Frank Uduak-Abasi Akpan, also known as Ezekiel Uduak Akpan, is a Nigerian from Uyo in Akwa Ibom State who was found guilty of kidnapping Iniubong Umoren, known as Hiny Humorenon Twitter.

Uduak-Abasi Akpan was found guilty on 4 August 2022 by the Akwa Ibom State High Court in Uyo of killing jobseeker Iniubong Umoren.

== Conviction ==

Justice Bassey Nkanang, the trial judge, also gave Akpan a life sentence for rape in his ruling.
After the court ruling, Akpan attempted to run out of the court but the security personnel on the scene stepped in to stop him.

In his ruling on 4 August 2022, the judge, Bassey Nkanang, stated that the convicted man will be hanged to death.

Mr. Akpan was given a life sentence after Mr. Nkanang found him guilty of rape. The prosecutor, according to the judge, has established beyond a reasonable doubt Mr. Akpan's guilt of both rape and murder.

However, he released and exonerated Mr. Akpan's father and sister, the second and third defendants in the case.

Umoren, a University of Uyo philosophy graduate, died in April 2021. While awaiting mobilization for the National Youth Service Corps (NYSC) program, she was looking for a job.

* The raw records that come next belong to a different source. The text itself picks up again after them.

lemma qform_ket: "A \<subseteq> Q \<Longrightarrow> qform \<sigma> (ket A) = \<sigma> A A"
  by (simp add: qform_eq_sum sum_Pow_Q_mult_ket sum_Pow_Q_ket_mult)

lemma qform_ket_add_ket:
  assumes "A \<subseteq> Q" "B \<subseteq> Q"
  shows "qform \<sigma> (\<lambda>S. ket A S + a * ket B S) =
    \<sigma> A A + a * \<sigma> A B + cnj a * \<sigma> B A + cnj a * a * \<sigma> B B"
  using assms by (simp add: qform_add_ket qform_ket sum_Pow_Q_mult_ket sum_Pow_Q_ket_mult)

lemma qform_proj: "qform (proj \<phi>) w = cnj (inner \<phi> w) * inner \<phi> w"
proof -
  have "qform (proj \<phi>) w = (\<Sum>S\<in>Pow Q. cnj (w S) * \<phi> S) * (\<Sum>T\<in>Pow Q. cnj (\<phi> T) * w T)"
    unfolding qform_eq_sum sum_product by (auto simp: proj_def mult_ac intro!: sum.cong)
  also have "(\<Sum>S\<in>Pow Q. cnj (w S) * \<phi> S) = cnj (inner \<phi> w)"
    unfolding inner_def by (simp add: mult.commute)
  finally show ?thesis unfolding inner_def .
qed

lemma density_vanishes_outside: "density \<sigma> \<Longrightarrow> \<not> (S \<subseteq> Q \<and> T \<subseteq> Q) \<Longrightarrow> \<sigma> S T = 0"
  unfolding density_def by blast

lemma density_qform_nonneg: "density \<sigma> \<Longrightarrow> 0 \<le> qform \<sigma> w"
  unfolding density_def qform_def less_eq_complex_def by simp

lemma density_proj:
  assumes "inner \<phi> \<phi> = 1"
  shows "density (proj \<phi>)"
proof -
  have "(\<Sum>S\<in>Pow Q. proj \<phi> S S) = inner \<phi> \<phi>"
    unfolding inner_def by (auto simp: proj_def mult.commute intro!: sum.cong)
  then show ?thesis
    using assms unfolding density_def qform_def[symmetric] qform_proj
    by (auto simp: proj_def complex_mult_cnj)
qed

lemma nonneg_quadratic_linear_coeff_zero:
  fixes s d :: real
  assumes nonneg: "\<And>r. 0 \<le> r * s + r\<^sup>2 * d"
  shows "s = 0"
proof (rule ccontr)
  assume s: "s \<noteq> 0"
  define k where "k = \<bar>d\<bar> + 1"
  have k: "k > 0" "d < k" unfolding k_def by auto
  have "0 \<le> (-s/k) * s + (-s/k)\<^sup>2 * d" by (rule nonneg)
  then have "0 \<le> k\<^sup>2 * ((-s/k) * s + (-s/k)\<^sup>2 * d)" by simp
  also have "\<dots> = s\<^sup>2 * (d - k)" using k by (simp add: field_simps power2_eq_square)
  also have "\<dots> < 0" using s k by (simp add: mult_pos_neg)
  finally show False by simp
qed

lemma nonneg_complex_quadratic_linear_coeffs_zero:
  fixes X Y d :: complex
  assumes nonneg: "\<And>a. 0 \<le> a * Y + cnj a * X + cnj a * a * d"
  shows "X = 0 \<and> Y = 0"
proof -
  have "0 \<le> r * Re (X + Y) + r\<^sup>2 * Re d" for r :: real
    using nonneg[of "complex_of_real r"]
    by (simp add: less_eq_complex_def power2_eq_square; simp add: algebra_simps)
  then have re: "Re (X + Y) = 0" by (rule nonneg_quadratic_linear_coeff_zero)
  have "0 \<le> r * (Im X - Im Y) + r\<^sup>2 * Re d" for r :: real
    using nonneg[of "\<i> * complex_of_real r"]
    by (simp add: less_eq_complex_def power2_eq_square; simp add: algebra_simps)
  then have im: "Im X - Im Y = 0" by (rule nonneg_quadratic_linear_coeff_zero)
  have "Im X + Im Y + Im d = 0" "- Im X - Im Y + Im d = 0" "Re Y - Re X + Im d = 0"
    using nonneg[of 1] nonneg[of "-1"] nonneg[of "\<i>"] by (simp_all add: less_eq_complex_def)
  with re im have "Re X = 0" "Re Y = 0" "Im X = 0" "Im Y = 0" by auto
  then show ?thesis by (simp add: complex_eq_iff)
qed

text \<open>If w is isotropic for a positive semidefinite \<sigma>, adding a multiple of a basis vector
  to w gives a quadratic form without constant term; positivity kills its linear terms.\<close>
lemma density_qform_zero_annihilates:
  assumes dens: "density \<sigma>" and zero: "qform \<sigma> w = 0"
  shows "(\<Sum>T\<in>Pow Q. \<sigma> A T * w T) = 0 \<and> (\<Sum>S\<in>Pow Q. cnj (w S) * \<sigma> S A) = 0"
proof (cases "A \<subseteq> Q")
  case True
  show ?thesis
  proof (rule nonneg_complex_quadratic_linear_coeffs_zero)
    fix a
    show "0 \<le> a * (\<Sum>S\<in>Pow Q. cnj (w S) * \<sigma> S A) + cnj a * (\<Sum>T\<in>Pow Q. \<sigma> A T * w T)
        + cnj a * a * \<sigma> A A"
      using density_qform_nonneg[OF dens, of "\<lambda>S. w S + a * ket A S"]
      unfolding qform_add_ket[OF True] zero by simp
  qed
next
  case False
  then show ?thesis by (simp add: density_vanishes_outside[OF dens])
qed

lemma density_qform_ket_add_ket_zero:
  assumes dens: "density \<sigma>" and zero: "qform \<sigma> (\<lambda>S. ket A S + a * ket B S) = 0"
    and A: "A \<subseteq> Q" and B: "B \<subseteq> Q"
  shows "\<sigma> X A + a * \<sigma> X B = 0 \<and> \<sigma> A X + cnj a * \<sigma> B X = 0"
proof -
  have "(\<Sum>T\<in>Pow Q. \<sigma> X T * (ket A T + a * ket B T)) = \<sigma> X A + a * \<sigma> X B"
    using sum_Pow_Q_mult_ket[OF A, of "\<sigma> X"] sum_Pow_Q_mult_ket[OF B, of "\<lambda>T. a * \<sigma> X T"]
    by (simp add: distrib_left sum.distrib mult_ac)
  moreover have "(\<Sum>S\<in>Pow Q. cnj (ket A S + a * ket B S) * \<sigma> S X) = \<sigma> A X + cnj a * \<sigma> B X"
    using sum_Pow_Q_ket_mult[OF A, of "\<lambda>S. \<sigma> S X"] sum_Pow_Q_ket_mult[OF B, of "\<lambda>S. cnj a * \<sigma> S X"]
    by (simp add: distrib_right sum.distrib mult.assoc mult.left_commute[of "cnj a"])
  ultimately show ?thesis using density_qform_zero_annihilates[OF dens zero, of X] by simp
qed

Iniubong Umoren, a philosophy graduate from the University of Uyo (UNIUYO), was murdered, raped, and buried in a small grave in April 2021 by Uduak-Abasi Akpan, a man accused of having committed other rapes.

With the promise of a job, Uduak-Abasi Akpan allegedly persuaded his 26-year-old victim to visit his family's home in Nung Ikono Obio village in the Uruan local government region where he raped, killed, and buried her in a shallow grave.